Fig 1: P-F curve for equipment degradation stages

This indicates that class imbalance (unequal distribution and variation of data in machine learning tasks) is a considerable problem when modeling such data. To decide on a preferable modeling approach, let’s first list down the questions that any model should answer:

• Anomaly detection: Which part of the machine is showing signs of degradation?
• Remaining useful life (RUL): How long can the machine run before it fails and stops?
• Diagnostics: Combination of anomaly signals to predict failure mode. Failure modes are annotations of the type of failure.

Having distributed problems in the above categories, we can now take independent approaches to solve and perfect individual models.

Anomaly detection

Anomaly detection can be modeled for every signal or subset of signals. The selection can be based on the possibility of failure if that signal starts to deviate despite the machine’s regular operation. E.g., the bearing temperature in the gearbox varies in sync with its RPM. If the bearing temp increases despite constant RPM, a clear decorrelation suggests a possible anomaly.

Fig 2: Bearing temp variation — normal (left) vs. anomaly (right)

Before it turns into an anomaly, the deviation percentage can be learned from its historical behavior. An excellent statistical baseline can be five times the standard deviation observed over a historical average operation period.

The anomaly detection problem can be modeled as a multivariate clustering problem. Signals should be grouped based on mechanical properties, typical usage behavior, and environmental operating conditions. The domain specialist can provide valuable insight into such queries.

Fig 3: A clustering approach

Remaining useful life (RUL)

Anomaly detection alone is insufficient evidence to conclude that the machine might be at risk of failure.
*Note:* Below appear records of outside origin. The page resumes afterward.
lemma dinv_gam_tau1:
  assumes "x \<in> Dpr"
  shows "dinv (gam (tau1 x)) = tau1 (gam x)"
proof -
  have "gam (tau1 x) = dlt (tau1 (gam x))"
    using gam_tau assms by blast
  then have "dinv (gam (tau1 x)) = dinv (dlt (tau1 (gam x)))"
    by (rule arg_cong)
  also have "\<dots> = tau1 (gam x)"
    using assms by (intro conjunct1[OF dlt_inv[rule_format]]) simp
  finally show ?thesis .
qed

(* Simp normal form of dinv_gam_tau1; with it g o f = 0 and d1 o d0 = 0 hold by simp. *)
lemma dinv_gam_tau[simp]:
  assumes "x \<in> Dpr"
  shows "dinv (gam (tau x)) = tau (gam x) - gam x + dinv (gam x)"
proof -
  have "dinv (gam (tau x)) = dinv (gam (tau1 x) + gam x)"
    using assms by simp
  also have "\<dots> = dinv (gam (tau1 x)) + dinv (gam x)"
    using assms by (intro dinv_add[rule_format]) simp_all
  also have "\<dots> = tau1 (gam x) + dinv (gam x)"
    by (simp only: dinv_gam_tau1[OF assms])
  finally show ?thesis .
qed

lemma koszul_g_f_zero: "m \<in> Dpr \<Longrightarrow> koszul_g (gam1 m) (tau1 m) = 0"
  by (simp add: algebra_simps)

lemma koszul_g_add:
  "a \<in> Dpr \<Longrightarrow> a' \<in> Dpr \<Longrightarrow> b \<in> Dpr \<Longrightarrow> b' \<in> Dpr \<Longrightarrow>
    koszul_g (a + a') (b + b') = koszul_g a b + koszul_g a' b'"
  by (simp add: algebra_simps)

lemma phi1_koszul_g: "y \<in> Dr \<Longrightarrow> z \<in> Dr \<Longrightarrow> phi1 (koszul_g y z) = koszul_g (phi1 y) (phi1 z)"
  by (simp add: algebra_simps)

lemma M0_iff[simp]: "z \<in> M0 Dr phi \<longleftrightarrow> z \<in> Dr \<and> phi z = z"
  unfolding M0_def by blast

(* The admissible choices of (y_x, z_x) in the definition of delta_3. *)
definition phi_lift :: "'m \<Rightarrow> 'm \<Rightarrow> 'm \<Rightarrow> bool" where
  "phi_lift x y z \<longleftrightarrow> y \<in> Dr \<and> z \<in> Dr \<and> gam1 x = phi1 y \<and> tau1 x = phi1 z"

lemma phi_lift_add:
  assumes "x \<in> Dpr" "x' \<in> Dpr" "phi_lift x y z" "phi_lift x' y' z'"
  shows "phi_lift (x + x') (y + y') (z + z')"
proof -
  have "gam1 (x + x') = gam1 x + gam1 x'" "tau1 (x + x') = tau1 x + tau1 x'"
    using assms(1,2) by (simp_all add: algebra_simps)
  moreover have "phi1 (y + y') = phi1 y + phi1 y'" "phi1 (z + z') = phi1 z + phi1 z'"
    using assms(3,4) unfolding phi_lift_def by (simp_all add: algebra_simps)
  ultimately show ?thesis
    using assms(3,4) unfolding phi_lift_def by simp
qed

lemma phi_lift_phi1: "u \<in> Dr \<Longrightarrow> phi_lift (phi1 u) (gam1 u) (tau1 u)"
  unfolding phi_lift_def by (simp add: algebra_simps)

lemma phi_lift_zero_iff: "phi_lift 0 y z \<longleftrightarrow> y \<in> M0 Dr phi \<and> z \<in> M0 Dr phi"
  unfolding phi_lift_def by auto

lemma diff_mem_M0_iff:
  assumes "y \<in> Dr" "y' \<in> Dr"
  shows "y - y' \<in> M0 Dr phi \<longleftrightarrow> phi1 y = phi1 y'"
proof -
  have "y - y' \<in> M0 Dr phi \<longleftrightarrow> phi1 (y - y') = 0"
    using assms by simp
  also have "phi1 (y - y') = phi1 y - phi1 y'"
    using assms by (simp add: algebra_simps)
  finally show ?thesis
    by simp
qed

lemma phi_lift_unique_mod_M0:
  assumes "phi_lift x y z" "phi_lift x y' z'"
  shows "y - y' \<in> M0 Dr phi" "z - z' \<in> M0 Dr phi"
  using assms unfolding phi_lift_def by (metis diff_mem_M0_iff)+
(* For each $i\in\{1,2,3\}$, the osculating circle of $\mathcal{E}$ at $P_i$ (the circle centered at $P_i''$ passing through $P_i$) passes through both $M$ and the cusp $P_i'$. Equivalently, the circle through $M,P_i,P_i'$ osculates $\mathcal{E}$ at $P_i$, and its center lies on the evolute of $\mathcal{E}$ at parameter $t_i$.
   Context: Let $a>b>0$ and $c>0$ with $c^2=a^2-b^2$. Let $\mathcal{E}$ be the ellipse $x^2/a^2+y^2/b^2=1$ with center $O=(0,0)$, parametrized by $P(t)=(a\cos t,b\sin t)$. Fix $u\in\mathbb{R}$ and let $M=M_u=(a\cos u,b\sin u)\in\mathcal{E}$. Let $\Delta_u(t)=(x_u(t),y_u(t))$, where $x_u(t)=\frac1a\big(c^2(1+\cos(t+u))\cos t-a^2\cos u\big)$ and $y_u(t)=\frac1b\big(c^2\cos t\sin(t+u)-c^2\sin t-a^2\sin u\big)$ (the negative pedal curve of $\mathcal{E}$ with respect to $M$, i.e. the envelope of the lines through $P(t)$ perpendicular to $P(t)-M$). For $i=1,2,3$ let $t_i=-u/3-2\pi(i-1)/3$, $P_i=P(t_i)$, $P_i'=\Delta_u(t_i)$ (the cusps), and $P_i''=\left(\frac{c^2\cos^3 t_i}{a},-\frac{c^2\sin^3 t_i}{b}\right)$, the point of the evolute $\mathcal{E}^*(t)=\left(\frac{c^2\cos^3t}{a},-\frac{c^2\sin^3 t}{b}\right)$ of $\mathcal{E}$ at $t_i$, i.e. the center of curvature of $\mathcal{E}$ at $P_i$. *)

theory Defs
  imports "HOL-Analysis.Analysis"
begin

definition ell_pt :: "real \<Rightarrow> real \<Rightarrow> real \<Rightarrow> real \<times> real" where
  "ell_pt a b t = (a * cos t, b * sin t)"

text \<open>Negative pedal curve of the ellipse with respect to M_u (c^2 = a^2 - b^2).\<close>
definition neg_pedal :: "real \<Rightarrow> real \<Rightarrow> real \<Rightarrow> real \<Rightarrow> real \<Rightarrow> real \<times> real" where
  "neg_pedal a b c u t =
     ((c^2 * (1 + cos (t + u)) * cos t - a^2 * cos u) / a,
      (c^2 * cos t * sin (t + u) - c^2 * sin t - a^2 * sin u) / b)"

definition evolute :: "real \<Rightarrow> real \<Rightarrow> real \<Rightarrow> real \<Rightarrow> real \<times> real" where
  "evolute a b c t = (c^2 * (cos t)^3 / a, - (c^2 * (sin t)^3 / b))"

definition cusp_par :: "real \<Rightarrow> nat \<Rightarrow> real" where
  "cusp_par u i = - u / 3 - 2 * pi * (real i - 1) / 3"

end

theory Submission
  imports Defs
begin

text \<open>
  For \<open>t = t\<^sub>i\<close> we have \<open>u \<equiv> -3t (mod 2\<pi>)\<close>, so both \<open>M = P(-3t)\<close> and the cusp \<open>\<Delta>\<^sub>u(t)\<close> are
  polynomials in \<open>x = cos t\<close>, \<open>y = sin t\<close> by the double- and triple-angle formulas. Their squared
  distances to the centre of curvature \<open>E\<^sup>*(t)\<close> then reduce, using \<open>x\<^sup>2 + y\<^sup>2 = 1\<close> and
  \<open>c\<^sup>2 = a\<^sup>2 - b\<^sup>2\<close>, to the squared radius of curvature \<open>|E\<^sup>*(t) - P(t)|\<^sup>2\<close>.
\<close>

lemma sin_treble: "sin (3 * x) = 3 * sin x - 4 * sin x ^ 3" for x :: real
proof -
  have "sin (3 * x) = sin (2 * x + x)" by (simp add: algebra_simps)
  also have "\<dots> = 2 * sin x * cos x * cos x + (cos x ^ 2 - sin x ^ 2) * sin x"
    by (simp only: sin_add sin_double cos_double)
  also have "\<dots> = 3 * sin x - 4 * sin x ^ 3"
    using sin_cos_squared_add[of x] by algebra
  finally show ?thesis .
qed

lemma cos_add_2pi_int: "cos (x + 2 * pi * of_int m) = cos x"
  and sin_add_2pi_int: "sin (x + 2 * pi * of_int m) = sin x"
  by (simp_all add: cos_add sin_add)

lemma ell_pt_add_2pi_int: "ell_pt a b (t + 2 * pi * of_int m) = ell_pt a b t"
  by (simp add: ell_pt_def cos_add_2pi_int sin_add_2pi_int)

lemma neg_pedal_add_2pi_int: "neg_pedal a b c (u + 2 * pi * of_int m) t = neg_pedal a b c u t"
proof -
  have "t + (u + 2 * pi * of_int m) = (t + u) + 2 * pi * of_int m" by simp
  then show ?thesis
    by (simp only: neg_pedal_def cos_add_2pi_int sin_add_2pi_int)
qed

lemma cusp_par_eq: "u = - (3 * cusp_par u i) + 2 * pi * of_int (1 - int i)"
  by (simp add: cusp_par_def field_simps)

lemma osculating_circle_through_ell_pt_neg_triple:
  assumes "a \<noteq> 0" "b \<noteq> 0" "c^2 = a^2 - b^2"
  shows "dist (evolute a b c t) (ell_pt a b (- (3 * t))) = dist (evolute a b c t) (ell_pt a b t)"
proof -
  have "(c^2 * x^3 / a - a * (4 * x^3 - 3 * x))^2 + (- (c^2 * y^3 / b) - b * (4 * y^3 - 3 * y))^2
      = (c^2 * x^3 / a - a * x)^2 + (- (c^2 * y^3 / b) - b * y)^2"
    if "x^2 + y^2 = 1" for x y
    using assms that by (simp add: field_simps) algebra
  from this[OF sin_cos_squared_add2[of t]] show ?thesis
    by (simp add: dist_prod_def dist_real_def evolute_def ell_pt_def cos_treble_cos sin_treble)
qed

lemma osculating_circle_through_neg_pedal_cusp:
  assumes "a \<noteq> 0" "b \<noteq> 0" "c^2 = a^2 - b^2"
  shows "dist (evolute a b c t) (neg_pedal a b c (- (3 * t)) t) = dist (evolute a b c t) (ell_pt a b t)"
proof -
  have "(c^2 * x^3 / a - (c^2 * (2 * x^2) * x - a^2 * (4 * x^3 - 3 * x)) / a)^2
        + (- (c^2 * y^3 / b) - (- (c^2 * x * (2 * y * x)) - c^2 * y - a^2 * (4 * y^3 - 3 * y)) / b)^2
      = (c^2 * x^3 / a - a * x)^2 + (- (c^2 * y^3 / b) - b * y)^2"
    if "x^2 + y^2 = 1" for x y
    using assms that by (simp add: field_simps) algebra
  from this[OF sin_cos_squared_add2[of t]] show ?thesis
    by (simp add: dist_prod_def dist_real_def evolute_def ell_pt_def neg_pedal_def
        cos_treble_cos sin_treble cos_double_cos sin_double)
qed

theorem proposition3p3:
  fixes a b c u :: real and i :: nat
  assumes "a > b" and "b > 0" and "c > 0" and "c^2 = a^2 - b^2"
    and "i \<in> {1, 2, 3}"
  shows "dist (evolute a b c (cusp_par u i)) (ell_pt a b u)
           = dist (evolute a b c (cusp_par u i)) (ell_pt a b (cusp_par u i))
       \<and> dist (evolute a b c (cusp_par u i)) (neg_pedal a b c u (cusp_par u i))
           = dist (evolute a b c (cusp_par u i)) (ell_pt a b (cusp_par u i))"
proof -
  \<comment> \<open>The argument works for every \<open>i\<close>, and only needs \<open>a, b \<noteq> 0\<close>.\<close>
  define t where "t = cusp_par u i"
  have u: "u = - (3 * t) + 2 * pi * of_int (1 - int i)"
    unfolding t_def by (rule cusp_par_eq)
  have "a \<noteq> 0" "b \<noteq> 0" using assms by auto
  with assms(4) have
    "dist (evolute a b c t) (ell_pt a b u) = dist (evolute a b c t) (ell_pt a b t)
     \<and> dist (evolute a b c t) (neg_pedal a b c u t) = dist (evolute a b c t) (ell_pt a b t)"
    unfolding u ell_pt_add_2pi_int neg_pedal_add_2pi_int
    by (simp add: osculating_circle_through_ell_pt_neg_triple
        osculating_circle_through_neg_pedal_cusp)
  then show ?thesis unfolding t_def .
qed

end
This is because such deviations are a common occurrence in day-to-day operations. To consider the detected anomaly genuinely concerning, it must sustain for a sufficiently long time, followed by continuous degradation.

From our bearing temperature example, bearing temperature starts to increase and crosses the anomaly threshold. It then continues to rise despite other parameters showing no sign of deviation.

The estimation of RUL can be treated as a time series problem. Parameter variation from the point when the anomaly is flagged can be used to forecast future values. The target limit value can be the maximum allowable limit (also called alarm limit) set in the respective control system.


Fig 4: Degradation of signals and RUL

Diagnostics

With the information of anomaly and RUL over signals, we can combine them to predict the possible failure type as a classification approach. This can also be modeled as a multiclass classification problem. However, the scenario can be challenging to implement as it needs historical data with the correct annotation of failure type — information that can be hard to get and may require domain expert advice to label the events.

The failure mode can be labeled as breakdown events such as overheating, part breakdown, etc. The most well-known classification approaches can work if they can handle large-class imbalances.

Conclusion

There is great potential for applying AI/ML models in manufacturing, and predictive maintenance is crucial. Additionally, a lot of information is available on historical operation data. But due to the lack of annotation and standardization, modeling it via the traditional AI/ML approach can be difficult. There is a clear need to use innovative ways to model these problems by breaking them into smaller sets of sub-problems. An experienced partner in this field can make navigating these challenges much easier and faster. However, in the future, with the availability of more labeled data, we may see the possibility of using more complex models.